• _Task statement_
Print the first line of the records below and every line after it, up to and including the line with "define F where". Print nothing else.

• _The data_
===
lemma AE_eq_0_of_primitive_eq_0:
  fixes f :: "real \<Rightarrow> 'b::{banach, second_countable_topology}"
  assumes f: "set_integrable lebesgue {a..b} f"
    and primitive: "\<And>x. x \<in> {a..b} \<Longrightarrow> set_lebesgue_integral lebesgue {a..x} f = 0"
  shows "AE x in lebesgue. x \<in> {a..b} \<longrightarrow> f x = 0"
proof -
  define F where "F x = indicat_real {a..b} x *\<^sub>R f x" for x
  have F: "integrable lebesgue F" using f unfolding F_def set_integrable_def .
  have whole: "set_lebesgue_integral lebesgue {a..b} f = 0"
  proof (cases "a \<le> b")
    case False then show ?thesis by (simp add: set_lebesgue_integral_def)
  qed (use primitive[of b] in auto)
  have "set_lebesgue_integral lebesgue {x<..} F = set_lebesgue_integral lebesgue ({x<..} \<inter> {a..b}) f" for x
    unfolding F_def set_lebesgue_integral_def
    by (rule Bochner_Integration.integral_cong) (simp_all split: split_indicator)
  moreover have "set_lebesgue_integral lebesgue ({x<..} \<inter> {a..b}) f = 0" for x
  proof -
    consider "x < a" | "a \<le> x" "x < b" | "b \<le> x" by linarith
    then show ?thesis
    proof cases
      case 1
      then have "{x<..} \<inter> {a..b} = {a..b}" by auto
      then show ?thesis using whole by simp
    next
      case 2
      then have "{x<..} \<inter> {a..b} = {x<..b}" by auto
      then show ?thesis
        using set_integral_split_at[OF f, of x] whole primitive[of x] 2 by simp
    next
      case 3
      then have "{x<..} \<inter> {a..b} = {}" by auto
      then show ?thesis by (simp add: set_lebesgue_integral_def)
    qed
  qed
  moreover have "integral\<^sup>L lebesgue F = 0"
    using whole by (simp add: F_def[abs_def] set_lebesgue_integral_def)
  ultimately have "AE x in lebesgue. F x = 0"
    by (intro AE_eq_0_of_set_integral_Ioi[OF F]) simp_all
  then show ?thesis by eventually_elim (simp add: F_def indicator_def)
qed

text \<open>Peter--Paul inequality; since \<open>1 / 0 = 0\<close>, the case \<open>\<eta> = 0\<close> needs \<open>b = 0\<close>.\<close>

lemma norm_add_sq_le:
  fixes a b :: "'a::real_normed_vector"
  assumes "\<eta> \<ge> 0" and "\<eta> = 0 \<longrightarrow> b = 0"
  shows "(norm (a + b))\<^sup>2 \<le> (1 + \<eta>) * (norm a)\<^sup>2 + (1 + 1 / \<eta>) * (norm b)\<^sup>2"
proof (cases "\<eta> = 0")
  case True then show ?thesis using assms by simp
next
  case False
  then have \<eta>: "\<eta> > 0" using assms by simp
  have "0 \<le> (\<eta> * norm a - norm b)\<^sup>2 / \<eta>" using \<eta> by simp
  also have "\<dots> = \<eta> * (norm a)\<^sup>2 - 2 * norm a * norm b + (norm b)\<^sup>2 / \<eta>"
    using \<eta> by (simp add: power2_eq_square field_simps)
  finally have "(norm a + norm b)\<^sup>2 \<le> (1 + \<eta>) * (norm a)\<^sup>2 + (1 + 1 / \<eta>) * (norm b)\<^sup>2"
    by (simp add: power2_eq_square algebra_simps)
  moreover have "(norm (a + b))\<^sup>2 \<le> (norm a + norm b)\<^sup>2"
    by (intro power_mono norm_triangle_ineq) simp
  ultimately show ?thesis by linarith
qed

lemma norm_sum_sq_le:
  fixes z :: "'i \<Rightarrow> 'a::real_normed_vector"
  assumes "finite A"
  shows "(norm (\<Sum>j\<in>A. z j))\<^sup>2 \<le> card A * (\<Sum>j\<in>A. (norm (z j))\<^sup>2)"
proof -
  have "(norm (\<Sum>j\<in>A. z j))\<^sup>2 \<le> (\<Sum>j\<in>A. norm (z j))\<^sup>2"
    by (intro power_mono norm_sum) simp
  also have "\<dots> \<le> (\<Sum>j\<in>A. (norm (z j))\<^sup>2) * card A"
    by (rule sum_squared_le_sum_of_squares)
  finally show ?thesis by (simp add: mult.commute)
qed

lemma set_integrable_sum:
  fixes f :: "'i \<Rightarrow> 'a \<Rightarrow> 'b::{banach, second_countable_topology}"
  assumes "finite I" and "\<And>i. i \<in> I \<Longrightarrow> set_integrable M A (f i)"
  shows "set_integrable M A (\<lambda>x. \<Sum>i\<in>I. f i x)"
  using assms unfolding set_integrable_def scaleR_sum_right by (intro Bochner_Integration.integrable_sum) auto

lemma set_integral_sum:
  fixes f :: "'i \<Rightarrow> 'a \<Rightarrow> 'b::{banach, second_countable_topology}"
  assumes "finite I" and "\<And>i. i \<in> I \<Longrightarrow> set_integrable M A (f i)"
  shows "set_lebesgue_integral M A (\<lambda>x. \<Sum>i\<in>I. f i x) = (\<Sum>i\<in>I. set_lebesgue_integral M A (f i))"
  using assms unfolding set_integrable_def set_lebesgue_integral_def scaleR_sum_right
  by (intro Bochner_Integration.integral_sum) auto

lemma set_borel_measurable_lebesgue:
  fixes f :: "real \<Rightarrow> 'b::{banach, second_countable_topology}"
  assumes "f \<in> borel_measurable lebesgue" "A \<in> sets lebesgue"
  shows "set_borel_measurable lebesgue A f"
  unfolding set_borel_measurable_def
  by (rule borel_measurable_scaleR[OF borel_measurable_indicator[OF assms(2)] assms(1)])

lemma set_integrable_bounded:
  fixes f :: "real \<Rightarrow> 'b::{banach, second_countable_topology}"
  assumes "f \<in> borel_measurable lebesgue" "\<And>x. norm (f x) \<le> B"
  shows "set_integrable lebesgue {a..b} f"
proof (rule set_integrable_bound)
  show "set_integrable lebesgue {a..b} (\<lambda>_. B)"
    by (rule absolutely_integrable_on_const) simp
  show "set_borel_measurable lebesgue {a..b} f"
    using assms(1) by (rule set_borel_measurable_lebesgue) simp
  show "AE x in lebesgue. x \<in> {a..b} \<longrightarrow> norm (f x) \<le> norm B"
    using assms(2) by (intro AE_I2 impI) (auto intro: order_trans[OF _ abs_ge_self])
qed

section \<open>Weak derivatives and the energy\<close>

lemma is_H1_derivD:
  assumes "is_H1_deriv u g"
  shows "g \<in> borel_measurable lebesgue" "set_integrable lebesgue {0..1} g"
    "set_integrable lebesgue {0..1} (\<lambda>x. (cmod (g x))\<^sup>2)"
    "\<And>x. x \<in> {0..1} \<Longrightarrow> u x = u 0 + set_lebesgue_integral lebesgue {0..x} g"
  using assms unfolding is_H1_deriv_def by blast+

lemma is_H1_deriv_unique:
  assumes "is_H1_deriv u g" "is_H1_deriv u h"
  shows "AE x in lebesgue. x \<in> {0..1} \<longrightarrow> g x = h x"
proof -
  note g = is_H1_derivD[OF assms(1)] and h = is_H1_derivD[OF assms(2)]
  have "AE x in lebesgue. x \<in> {0..1} \<longrightarrow> g x - h x = 0"
  proof (rule AE_eq_0_of_primitive_eq_0)
    show "set_integrable lebesgue {0..1} (\<lambda>x. g x - h x)"
      using g(2) h(2) by (rule set_integral_diff(1))
    fix x :: real assume x: "x \<in> {0..1}"
    have "set_integrable lebesgue {0..x} g" "set_integrable lebesgue {0..x} h"
      using x by (auto intro: set_integrable_subset[OF g(2)] set_integrable_subset[OF h(2)])
    moreover have "set_lebesgue_integral lebesgue {0..x} g = set_lebesgue_integral lebesgue {0..x} h"
      using g(4)[OF x] h(4)[OF x] by simp
    ultimately show "set_lebesgue_integral lebesgue {0..x} (\<lambda>x. g x - h x) = 0"
      by simp
  qed
  then show ?thesis by eventually_elim auto
qed

lemma is_H1_deriv_h1_deriv:
  assumes "is_H1_deriv u g"
  shows "is_H1_deriv u (h1_deriv u)"
  unfolding h1_deriv_def using assms by (rule someI[where P = "is_H1_deriv u"])
lemma integral_cutoff_time_deriv_ge:
  fixes f :: "real^'n \<Rightarrow> real \<Rightarrow> real"
  assumes sol: "global_pos_solution p f" and "1 < p" and "0 < t" and "2 \<le> R"
  shows "- (10 * real CARD('n) / R\<^sup>2) * integral (cube (2 * R)) (\<lambda>x. cutoff R x * f x t)
           + integral (cube (2 * R)) (cutoff R :: real^'n \<Rightarrow> real) * cutoff_average R (\<lambda>x. f x t) powr p
         \<le> integral (cube (2 * R)) (\<lambda>x. cutoff R x * time_deriv f x t)"
proof -
  have smooth: "smooth_fun_on (UNIV \<times> {0<..}) (\<lambda>(x, t). f x t)" and pos: "\<And>x. 0 < f x t"
    using sol \<open>0 < t\<close> by (auto simp: global_pos_solution_def)
  have "0 < R" using \<open>2 \<le> R\<close> by simp
  let ?B = "cube (2 * R) :: (real^'n) set"
  define Z where "Z = integral ?B (cutoff R)"
  define I where "I = integral ?B (\<lambda>x. cutoff R x * f x t)"
  note cont = continuous_on_cutoff continuous_on_cutoff_with[OF continuous_on_bump_deriv2]
    continuous_on_slice[OF smooth \<open>0 < t\<close>]
  have cont_powr: "continuous_on A (\<lambda>x. f x t powr p)" for A
    using pos by (intro continuous_intros cont) (metis less_irrefl)
  have "integral ?B (\<lambda>x. - (10 * real CARD('n)) * (cutoff R x * f x t))
      \<le> integral ?B (\<lambda>x. f x t * (\<Sum>k\<in>UNIV. cutoff_with bump_deriv2 R k x))"
  proof (rule integral_le)
    show "- (10 * real CARD('n)) * (cutoff R x * f x t) \<le> f x t * (\<Sum>k\<in>UNIV. cutoff_with bump_deriv2 R k x)" for x
      using mult_left_mono[OF sum_cutoff_with_deriv2_ge[of R x] less_imp_le[OF pos]] by (simp add: algebra_simps)
  qed (auto intro!: integrable_on_cube continuous_intros cont)
  then have "- (10 * real CARD('n)) * I / R\<^sup>2
      \<le> integral ?B (\<lambda>x. f x t * (\<Sum>k\<in>UNIV. cutoff_with bump_deriv2 R k x)) / R\<^sup>2"
    by (intro divide_right_mono) (simp_all add: I_def)
  moreover have "Z * (I / Z) powr p \<le> integral ?B (\<lambda>x. cutoff R x * f x t powr p)"
    unfolding Z_def I_def
    by (rule jensen_powr_integral)
       (use \<open>1 < p\<close> pos \<open>2 \<le> R\<close> in \<open>auto intro!: integrable_on_cube continuous_intros cont cont_powr
          integral_cutoff_pos integral_cutoff_mult_pos intro: cutoff_nonneg\<close>)
  moreover have "- (10 * real CARD('n) / R\<^sup>2) * I = - (10 * real CARD('n)) * I / R\<^sup>2" by simp
  ultimately show ?thesis
    using integral_cutoff_time_deriv_eq[OF sol \<open>0 < t\<close> \<open>0 < R\<close>]
    unfolding cutoff_average_def I_def[symmetric] Z_def[symmetric] by linarith
qed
===
• _Answer space_
lemma AE_eq_0_of_primitive_eq_0:
  fixes f :: "real \<Rightarrow> 'b::{banach, second_countable_topology}"
  assumes f: "set_integrable lebesgue {a..b} f"
    and primitive: "\<And>x. x \<in> {a..b} \<Longrightarrow> set_lebesgue_integral lebesgue {a..x} f = 0"
  shows "AE x in lebesgue. x \<in> {a..b} \<longrightarrow> f x = 0"
proof -
  define F where "F x = indicat_real {a..b} x *\<^sub>R f x" for x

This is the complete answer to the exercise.